• [YOUR OBJECTIVE]:
Please could you give again the lines from the one holding "by (rule mix[unfolded" through the final line of the data below, exactly, with no other lines?

• [RECORDS TO USE]:
lemma mixing_bound_mono:
  assumes "1 \<le> s" "mixing_bound M act \<A> N \<delta> k s C" "C \<le> C'"
  shows "mixing_bound M act \<A> N \<delta> k s C'"
  unfolding mixing_bound_def
proof (intro allI impI)
  fix f :: "nat \<Rightarrow> 'x \<Rightarrow> real" and h :: "nat \<Rightarrow> 'h"
  assume f: "\<forall>i\<in>{1..k}. f i \<in> \<A>"
  let ?e = "exp (- \<delta> * Min {dist (h i) (h j) | i j. i \<in> {1..k} \<and> j \<in> {1..k} \<and> i \<noteq> j})"
  have "0 \<le> (\<Prod>i\<in>{1..k}. N s (f i))"
    using f N_nonneg assms(1) by (intro prod_nonneg) auto
  then have "C * ?e * (\<Prod>i\<in>{1..k}. N s (f i)) \<le> C' * ?e * (\<Prod>i\<in>{1..k}. N s (f i))"
    using assms(3) by (intro mult_right_mono) auto
  then show "\<bar>integral\<^sup>L M (\<lambda>x. \<Prod>i\<in>{1..k}. lact act (h i) (f i) x) - (\<Prod>i\<in>{1..k}. integral\<^sup>L M (f i))\<bar>
      \<le> C' * ?e * (\<Prod>i\<in>{1..k}. N s (f i))"
    using assms(2) f unfolding mixing_bound_def by (meson order_trans)
qed

lemma mixing_bound_on_set:
  assumes mix: "mixing_bound M act \<A> N \<delta> (card P) s C" and "0 \<le> C" "0 \<le> \<delta>" "1 \<le> s"
    and P: "finite P" "2 \<le> card P" and F: "\<And>p. p \<in> P \<Longrightarrow> F p \<in> \<A>"
    and sep: "\<And>p q. p \<in> P \<Longrightarrow> q \<in> P \<Longrightarrow> p \<noteq> q \<Longrightarrow> \<beta> \<le> dist (g p) (g q)"
  shows "\<bar>(\<integral>x. (\<Prod>p\<in>P. lact act (g p) (F p) x) \<partial>M) - (\<Prod>p\<in>P. integral\<^sup>L M (F p))\<bar>
    \<le> C * exp (- \<delta> * \<beta>) * (\<Prod>p\<in>P. N s (F p))"
proof -
  let ?k = "card P"
  obtain e where e: "bij_betw e {1..?k} P"
    using ex_bij_betw_nat_finite_1[OF P(1)] by blast
  let ?D = "{dist (g (e i)) (g (e j)) | i j. i \<in> {1..?k} \<and> j \<in> {1..?k} \<and> i \<noteq> j}"
  have "\<beta> \<le> Min ?D"
  proof (rule Min.boundedI)
    show "finite ?D"
      by (rule finite_subset[of _ "(\<lambda>(i, j). dist (g (e i)) (g (e j))) ` ({1..?k} \<times> {1..?k})"]) auto
    have "dist (g (e 1)) (g (e 2)) \<in> ?D"
      using P(2) by (intro CollectI exI[of _ 1] exI[of _ 2]) auto
    then show "?D \<noteq> {}"
      by blast
    show "\<beta> \<le> d" if d: "d \<in> ?D" for d
    proof -
      obtain i j where ij: "d = dist (g (e i)) (g (e j))" "i \<in> {1..?k}" "j \<in> {1..?k}" "i \<noteq> j"
        using d by blast
      then have "e i \<noteq> e j" "e i \<in> P" "e j \<in> P"
        using e by (auto simp: bij_betw_def inj_on_eq_iff)
      then show ?thesis
        using sep ij(1) by blast
    qed
  qed
  then have exp_le: "exp (- \<delta> * Min ?D) \<le> exp (- \<delta> * \<beta>)"
    using \<open>0 \<le> \<delta>\<close> by (simp add: mult_left_mono)
  have reindex: "(\<Prod>i\<in>{1..?k}. \<phi> (e i)) = (\<Prod>p\<in>P. \<phi> p)" for \<phi> :: "_ \<Rightarrow> real"
    by (rule prod.reindex_bij_betw[OF e])
  have reindex_fun: "(\<lambda>x. \<Prod>i\<in>{1..?k}. lact act (g (e i)) (F (e i)) x) = (\<lambda>x. \<Prod>p\<in>P. lact act (g p) (F p) x)"
    by (rule ext, rule reindex)
  have "\<bar>(\<integral>x. (\<Prod>p\<in>P. lact act (g p) (F p) x) \<partial>M) - (\<Prod>p\<in>P. integral\<^sup>L M (F p))\<bar>
      = \<bar>(\<integral>x. (\<Prod>i\<in>{1..?k}. lact act (g (e i)) (F (e i)) x) \<partial>M) - (\<Prod>i\<in>{1..?k}. integral\<^sup>L M (F (e i)))\<bar>"
    by (simp only: reindex_fun reindex[of "\<lambda>p. integral\<^sup>L M (F p)"])
  also have "\<dots> \<le> C * exp (- \<delta> * Min ?D) * (\<Prod>i\<in>{1..?k}. N s (F (e i)))"
    by (rule mix[unfolded mixing_bound_def, rule_format, of "\<lambda>i. F (e i)" "\<lambda>i. g (e i)"])
      (use F bij_betwE[OF e] in blast)
  also have "\<dots> \<le> C * exp (- \<delta> * \<beta>) * (\<Prod>i\<in>{1..?k}. N s (F (e i)))"
    using \<open>0 \<le> C\<close> F bij_betwE[OF e] N_nonneg \<open>1 \<le> s\<close> exp_le
    by (intro mult_right_mono mult_left_mono prod_nonneg) auto
  also have "\<dots> = C * exp (- \<delta> * \<beta>) * (\<Prod>p\<in>P. N s (F p))"
    by (simp only: reindex[of "\<lambda>p. N s (F p)"])
  finally show ?thesis .
qed

lemma dist_minus_add_0: "dist (- g + h) 0 = dist h (g :: 'h)"
  using dist_add_left[of g "- g + h" 0] by (simp add: add.assoc[symmetric])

• [RESULT BELOW]:
    by (rule mix[unfolded mixing_bound_def, rule_format, of "\<lambda>i. F (e i)" "\<lambda>i. g (e i)"])
      (use F bij_betwE[OF e] in blast)
  also have "\<dots> \<le> C * exp (- \<delta> * \<beta>) * (\<Prod>i\<in>{1..?k}. N s (F (e i)))"
    using \<open>0 \<le> C\<close> F bij_betwE[OF e] N_nonneg \<open>1 \<le> s\<close> exp_le
    by (intro mult_right_mono mult_left_mono prod_nonneg) auto
  also have "\<dots> = C * exp (- \<delta> * \<beta>) * (\<Prod>p\<in>P. N s (F p))"
    by (simp only: reindex[of "\<lambda>p. N s (F p)"])
  finally show ?thesis .
qed

lemma dist_minus_add_0: "dist (- g + h) 0 = dist h (g :: 'h)"
  using dist_add_left[of g "- g + h" 0] by (simp add: add.assoc[symmetric])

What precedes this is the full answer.